My love of fashion is rooted in a love of costume. Some fashionistas get their start collecting favorite designers and leafing through Glamour before they’re remotely old enough to care about erogenous zones. As a child, I was mostly indifferent to high fashion, but I was designing bangin’ Halloween costumes when my classmates were still in the “clip-on fairy wings” stage. I portrayed Maleficent, Santa Lucia, and Joan of Arc before I was ten years old. (Then I grew up and became pagan, and Halloween is still my favorite day of the year, though for different reasons.) I am a theater geek born and bred, and my favorite part of a show has always been always zipping into costume and slathering myself with greasepaint, Skye receding in subordination to the muse.
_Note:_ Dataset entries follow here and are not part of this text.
(* Let $D$ be a division algebra and $\sigma\in\mathrm{Aut}(D)$. Let $D(t;\sigma)$ be the division ring of (left) fractions of the skew polynomial ring $D[t;\sigma]$, and let $S$ be the subring of $D(t;\sigma)$ generated by $D$, $t$ and $t^{-1}$. Then $S$ is automorphically normalizable over $D$ if and only if $\sigma$ is of finite inner order.
   Context: All rings are associative with unity. $D[t;\sigma]$ is the skew polynomial ring with $ta=\sigma(a)t$ for $a\in D$; it is an Ore domain, so it has a division ring of fractions. An automorphism $\sigma$ has finite inner order if $\sigma^k$ is an inner automorphism $r\mapsto crc^{-1}$ for some positive integer $k$ and $c\in D^\times$. For a ring $S\supseteq D$, $a\in S$ is automorphic over $D$ with respect to $\tau\in\mathrm{Aut}(D)$ if $ab=\tau(b)a$ for all $b\in D$. Commuting $a_1,\ldots,a_m\in S$ are (left) algebraically independent over $D$ if monomials in them are left linearly independent over $D$. $S$ is automorphically normalizable over $D$ if there exist $m\ge0$ and commuting $a_1,\ldots,a_m\in S$, automorphic over $D$ with respect to pairwise commuting automorphisms, left algebraically independent over $D$, such that $S$ is finitely generated as a left module over the subring $D[a_1,\ldots,a_m]$ generated by $D\cup\{a_1,\ldots,a_m\}$. *)

theory Defs
  imports "HOL-Algebra.Algebra"
begin

definition division_ring :: "('a, 'b) ring_scheme \<Rightarrow> bool" where
  "division_ring K \<longleftrightarrow> ring K \<and> \<one>\<^bsub>K\<^esub> \<noteq> \<zero>\<^bsub>K\<^esub> \<and>
     (\<forall>x \<in> carrier K - {\<zero>\<^bsub>K\<^esub>}. x \<in> Units K)"

definition subdivring :: "'a set \<Rightarrow> ('a, 'b) ring_scheme \<Rightarrow> bool" where
  "subdivring D K \<longleftrightarrow> subring D K \<and> \<one>\<^bsub>K\<^esub> \<noteq> \<zero>\<^bsub>K\<^esub> \<and>
     (\<forall>x \<in> D - {\<zero>\<^bsub>K\<^esub>}. x \<in> Units K \<and> inv\<^bsub>K\<^esub> x \<in> D)"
I’ve accented my outfits with bits of my favorite costumes for years now (witch hats were my signature in middle and high school), but the day I realized there was a whole community dedicated to unabashedly garish outfits was momentous indeed. I fell in love with Fated to be Hated and Advanced Style and Elsa Schiaparelli. Learning to infuse my wardrobe with my love of performance has given me, over the years, an itch for all fashion, not just costume. I follow the designers and read all relevant literature like a proper fashionista, but my first love will always, always be costume. I’m fascinated by the semiotics of clothing: how a certain neckline or texture can make so many statements about both itself and its wearer. I love to tell stories with my outfits, and costumes, be they for stage, Samhain, or street, do it more boldly than any other medium I’ve found.
This past weekend I took a few cues from my favorite painter, John William Waterhouse.
I was afraid to pin this hat too precisely, as it’s veritably ancient and I’m planning to sell it on Etsy. I think the (albeit imprecise) placement gives a decent suggestion of the era, though.
Dress: Stella Mae Belt & Silver Bracelet: Battery Street Jeans Pink Bracelet: Old Gold Shoes: Goodwill Necklace & Tights: Gifted
Waterhouse painted witches and mythological women, for which I love him unconditionally. I’m such a sucker for dreamy, romantic images of sorcery.